Выбрать главу

Из Антиохии Тит вернулся в Иерусалим. Здесь он застал, что 10-й легион Fretensis, под начальством Теренция Руфа, все еще был занят обысками в подвалах разрушенного города. Появление Симона, сына Гиоры, вышедшего из стоков, в то время как думали, что там уже никого не осталось, побудило возобновить розыски; и действительно, ежедневно приходилось открывать какого-нибудь несчастного и новые сокровища. Увидав ту пустыню, в которую он обратил Иерусалим, Тит, говорят, не мог побороть в себе чувства жалости. Приближенные к нему евреи приобретали над ним все больше влияния; фантасмагория восточной империи, блеском которой ослепляли Нерона и Веспаснана, снова возрождалась вокруг него, и это уже возбуждало в Риме неудовольствие. Агриппа, Вереника, Иосиф, Тиверий Александр были у него в милости больше, чем когда-либо, и многие уже предсказывали Веренике роль новой Клеопатры. Всех раздражало, что тотчас после поражения мятежников люди той же расы пользовались таким почетом и всемогуществом. Что касается Тита, он все более воспринимал идею, будто он выполняет провиденциальное назначение; ему нравилось слушать цитаты из пророков, в которых будто бы упоминается о нем. Иосиф утверждает, что он приписывал свою победу вмешательству Бога и признавал, что пользуется благоволением сверхъестественной силы. Всего поразительнее, что Филострат, спустя 120 лет после этого, принимает это показание целиком и даже создает на нем апокрифическую переписку между Титом и своим Аполлонием. Если ему верить, то Тит будто бы отказывался от венцов, которые ему предлагали, заявляя, что это не он взял Иерусалим, что он в этом деле явился лишь орудием раздраженного божества. Едва ли можно предполагать, чтобы Филострату известно было это место из сочинений Иосифа. Он просто пользовался общераспространенной легендой о милосердии Тита.

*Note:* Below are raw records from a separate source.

lemma decreasing_right_of_least_critical_point:
  fixes f :: "real \<Rightarrow> real" and S :: "real set"
  assumes S: "finite S" "card S \<ge> 2" "even (card S)" and "c > 0"
    and der: "\<And>x. (f has_real_derivative c * (\<Prod>y\<in>S. x - y)) (at x)"
  shows "\<exists>t > Min S. f t < f (Min S)"
proof -
  define m where "m = Min S"
  have "S \<noteq> {}" using S by auto
  then have m: "m \<in> S" "\<And>y. y \<in> S \<Longrightarrow> m \<le> y" using S(1) by (simp_all add: m_def)
  have "card (S - {m}) = card S - 1" using S(1) m(1) by simp
  then have card: "odd (card (S - {m}))" "card (S - {m}) \<noteq> 0" using S(2,3) by auto
  define m2 where "m2 = Min (S - {m})"
  have m2: "m < m2" "\<And>y. y \<in> S - {m} \<Longrightarrow> m2 \<le> y"
    using S card(2) m Min_in[of "S - {m}"] by (fastforce simp: m2_def card_eq_0_iff)+
  define t where "t = (m + m2) / 2"
  have "m < t" using m2(1) by (simp add: t_def)
  moreover have "f t < f m"
  proof (rule DERIV_neg_imp_decreasing_open[where f = f])
    show "m < t" by fact
    show "continuous_on {m..t} f" using der by (intro DERIV_continuous_on) (auto intro: has_field_derivative_at_within)
    fix x assume x: "m < x" "x < t"
    have "(\<Prod>y\<in>S - {m}. y - x) > 0" using m2 x by (intro prod_pos) (fastforce simp: t_def)
    then have "(\<Prod>y\<in>S - {m}. x - y) < 0"
      using card(1) by (subst prod_diff_swap) simp
    then have "c * (\<Prod>y\<in>S. x - y) < 0"
      using S(1) m(1) x \<open>c > 0\<close> by (simp add: prod.remove mult_pos_neg mult_neg_pos)
    then show "\<exists>y. (f has_real_derivative y) (at x) \<and> y < 0" using der by blast
  qed
  ultimately show ?thesis unfolding m_def by blast
qed

lemma decreasing_left_of_greatest_critical_point:
  fixes f :: "real \<Rightarrow> real" and S :: "real set"
  assumes S: "finite S" "card S \<ge> 2" and "c > 0"
    and der: "\<And>x. (f has_real_derivative c * (\<Prod>y\<in>S. x - y)) (at x)"
  shows "\<exists>t. Min S < t \<and> t < Max S \<and> f (Max S) < f t"
proof -
  define M where "M = Max S"
  have "S \<noteq> {}" using S by auto
  then have M: "M \<in> S" "\<And>y. y \<in> S \<Longrightarrow> y \<le> M" using S(1) by (simp_all add: M_def)
  have "card (S - {M}) \<noteq> 0" using S M(1) by simp
  then have "S - {M} \<noteq> {}" by (metis card.empty)
  define M2 where "M2 = Max (S - {M})"
  have M2: "M2 \<in> S" "M2 < M" "\<And>y. y \<in> S - {M} \<Longrightarrow> y \<le> M2"
    using S(1) \<open>S - {M} \<noteq> {}\<close> M Max_in[of "S - {M}"] by (fastforce simp: M2_def)+
  define t where "t = (M2 + M) / 2"
  have t: "M2 < t" "t < M" using M2(2) by (simp_all add: t_def)
  moreover have "f M < f t"
  proof (rule DERIV_neg_imp_decreasing_open[where f = f])
    show "t < M" by fact
    show "continuous_on {t..M} f" using der by (intro DERIV_continuous_on) (auto intro: has_field_derivative_at_within)
    fix x assume x: "t < x" "x < M"
    have "(\<Prod>y\<in>S - {M}. x - y) > 0" using M2(3) x t by (intro prod_pos) fastforce
    then have "c * (\<Prod>y\<in>S. x - y) < 0"
      using S(1) M(1) x \<open>c > 0\<close> by (simp add: prod.remove mult_pos_neg mult_neg_pos)
    then show "\<exists>y. (f has_real_derivative y) (at x) \<and> y < 0" using der by blast
  qed
  moreover have "Min S \<le> M2" using S(1) M2(1) by simp
  ultimately show ?thesis unfolding M_def by (intro exI[of _ t]) auto
qed

lemma two_positive_roots_if_extremal_critical_root:
  fixes f :: "real \<Rightarrow> real" and S :: "real set"
  assumes S: "finite S" "S \<noteq> {}" "even (card S)" and "c > 0"
    and der: "\<And>x. (f has_real_derivative c * (\<Prod>y\<in>S. x - y)) (at x)"
    and f0: "f 0 < 0" and f_at_top: "filterlim f at_top at_top"
    and Min_pos: "Min S > 0" and root: "f (Min S) = 0 \<or> f (Max S) = 0"
  shows "\<exists>t1 t2. 0 < t1 \<and> 0 < t2 \<and> t1 \<noteq> t2 \<and> f t1 = 0 \<and> f t2 = 0"
proof -
  have cont: "continuous_on A f" for A
    using der by (intro DERIV_continuous_on) (auto intro: has_field_derivative_at_within)
  have "card S \<noteq> 0" using S by simp
  with S(3) have card: "card S \<ge> 2" by presburger
  show ?thesis
  proof (cases "f (Min S) = 0")
    case True
    obtain t where t: "Min S < t" "f t < 0"
      using decreasing_right_of_least_critical_point[OF S(1) card S(3) \<open>c > 0\<close> der] True by auto
    obtain N where "\<And>x. x \<ge> N \<Longrightarrow> f x > 0"
      using f_at_top by (auto simp: filterlim_at_top_dense eventually_at_top_linorder)
    then have "f (max N t) > 0" by simp
    then obtain r where "t \<le> r" "f r = 0"
      using IVT'[of f t 0 "max N t"] t(2) cont by force
    with t(1) True Min_pos show ?thesis by (intro exI[of _ "Min S"] exI[of _ r]) auto
  next
    case False
    then have fM: "f (Max S) = 0" using root by simp
    obtain t where t: "Min S < t" "t < Max S" "0 < f t"
      using decreasing_left_of_greatest_critical_point[OF S(1) card \<open>c > 0\<close> der] fM by auto
    then obtain r where r: "0 \<le> r" "r \<le> t" "f r = 0"
      using IVT'[of f 0 0 t] f0 Min_pos cont by force
    moreover have "r \<noteq> 0" using r(3) f0 by auto
    ultimately show ?thesis using t Min_pos fM by (intro exI[of _ r] exI[of _ "Max S"]) auto
  qed
qed
lemma nonzero_solution_count_Un:
  fixes d :: "nat \<Rightarrow> 'a::{finite,field}"
  assumes "finite I" "finite G" "I \<inter> G = {}" "\<forall>i\<in>I. d i \<noteq> 0" "\<forall>i\<in>G. d i = 0"
  shows "int (nonzero_solution_count (I \<union> G) d)
       = psi TYPE('a) (card I) * phi TYPE('a) (card G) + (-1) ^ card G * int (nonzero_solution_count I d)"
proof -
  let ?N = "I \<rightarrow>\<^sub>E (- {0::'a})"
  let ?L = "\<lambda>y. (\<Sum>i\<in>I. d i * y i) = 0"
  let ?g = "card G"
  have fiber: "int (card {z \<in> G \<rightarrow>\<^sub>E - {0}.
        (\<Sum>i\<in>I \<union> G. d i * (if i \<in> I then y i else z i)) = 0 \<and>
        (\<Sum>i\<in>I \<union> G. if i \<in> I then y i else z i) = 0})
      = of_bool (?L y) * (phi TYPE('a) ?g + of_bool (sum y I = 0) * (-1) ^ ?g)" for y
  proof -
    have "(\<Sum>i\<in>I \<union> G. d i * (if i \<in> I then y i else z i)) = (\<Sum>i\<in>I. d i * y i)" for z
      using assms by (simp add: sum.union_disjoint cong: sum.cong)
    moreover have "(\<Sum>i\<in>I \<union> G. if i \<in> I then y i else z i) = sum y I + sum z G" for z
    proof -
      have "(\<Sum>i\<in>G. if i \<in> I then y i else z i) = sum z G"
        using assms(3) by (intro sum.cong) auto
      then show ?thesis
        using assms by (simp add: sum.union_disjoint cong: sum.cong)
    qed
    ultimately have "{z \<in> G \<rightarrow>\<^sub>E - {0}.
        (\<Sum>i\<in>I \<union> G. d i * (if i \<in> I then y i else z i)) = 0 \<and>
        (\<Sum>i\<in>I \<union> G. if i \<in> I then y i else z i) = 0}
      = {z \<in> G \<rightarrow>\<^sub>E - {0}. ?L y \<and> sum z G = - sum y I}"
      by (auto simp: eq_neg_iff_add_eq_0 add.commute)
    then show ?thesis
      using nonzero_sum_count_eq_psi_phi[OF assms(2), of "- sum y I"] psi_minus_phi[where 'a = 'a, of ?g]
      by (auto simp: nonzero_sum_count_def)
  qed
  have "int (nonzero_solution_count (I \<union> G) d)
      = (\<Sum>y\<in>?N. of_bool (?L y) * (phi TYPE('a) ?g + of_bool (sum y I = 0) * (-1) ^ ?g))"
    unfolding nonzero_solution_count_def card_PiE_Un_filter[OF assms(1-3)] of_nat_sum fiber ..
  also have "\<dots> = (\<Sum>y\<in>?N. of_bool (?L y)) * phi TYPE('a) ?g
      + (\<Sum>y\<in>?N. of_bool (?L y \<and> sum y I = 0)) * (-1) ^ ?g"
    by (simp add: distrib_left sum.distrib sum_distrib_left sum_distrib_right of_bool_conj
        mult.commute mult.left_commute)
  also have "(\<Sum>y\<in>?N. of_bool (?L y)) = psi TYPE('a) (card I)"
    using nonzero_sum_count_weighted[of I d 0] nonzero_sum_count_eq_psi_phi[OF assms(1), of 0] assms
    by (simp add: finite_PiE Int_def)
  also have "(\<Sum>y\<in>?N. of_bool (?L y \<and> sum y I = 0)) = int (nonzero_solution_count I d)"
    using assms(1) by (simp add: finite_PiE Int_def nonzero_solution_count_def)
  finally show ?thesis by simp
qed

Тит вернулся в Рим в мае или июне 71 года. Он очень дорожил триумфом, который и превзошел все, что видел Рим до него. Простота, серьезность, несколько простонародные манеры Веспасиана были не таковы, чтобы прибавить ему престижа в глазах населения, привыкшего требовать от своих повелителей прежде всего расточительности и величия. Тит думал, что торжественный въезд произведет превосходное впечатление, и ему удалось в этом отношении преодолеть противодействие со стороны старика отца. Церемония была организована со всем искусством римских декораторов той эпохи; они особенно отличались соблюдением местных красок и исторической правды. При этом воспроизведены были простые обряды римской религии как бы для того, чтобы противопоставить их религии побежденного народа. В начале церемонии Веспасиан в одежде верховного жреца, с лицом, наполовину прикрытым тогой, совершил торжественное моление; после него по тому же обряду совершил моление Тит. Процессия была удивительна; в ней фигурировали все чудеса, все редкости в мире, драгоценные произведения восточного искусства наряду с законченными образцами греко-римского искусства; казалось, что Рим, только что переживший великую опасность, которая угрожала империи, хотел дать торжественную выставку ее богатств. Сооружения на колесах, достигавшие вышиной третьего и четвертого этажа, вызывали всеобщее удивление; на них были изображены все эпизоды войны; каждая серия картин заканчивалась изображением в лицах удивительного появления Бар-Гиоры и его пленения. Бледные лица и блуждающие взгляды военнопленных были скрыты пышными одеждами, в которые их нарядили. Среди них находился Бар-Гиора, которого торжественно вели на казнь. Затем двигались предметы, доставшиеся в добычу от храма: золотой стол, семисвещник, пурпуровые завесы «Святая святых», и серию всех трофеев замыкал главный пленник, побежденный, главный виновник всего — Тора. В заключение процессии шествовали сами триумфаторы. Веспасиан и Тит ехали в отдельных колесницах. Тит сиял, что же касается Веспасиана, который во всем этом видел только потерю целого рабочего дня, то он скучал, нисколько не старался скрыть своего вульгарного вида занятого человека, выражал нетерпение по поводу того, что процессия двигалась недостаточно быстро, и приговаривал вполголоса: «Вот хорошо… Так и надо… Как я был глуп… В мои-то годы!» Домициан в богатом костюме ехал верхом на великолепном коне, гарцуя вокруг своего отца и старшего брата.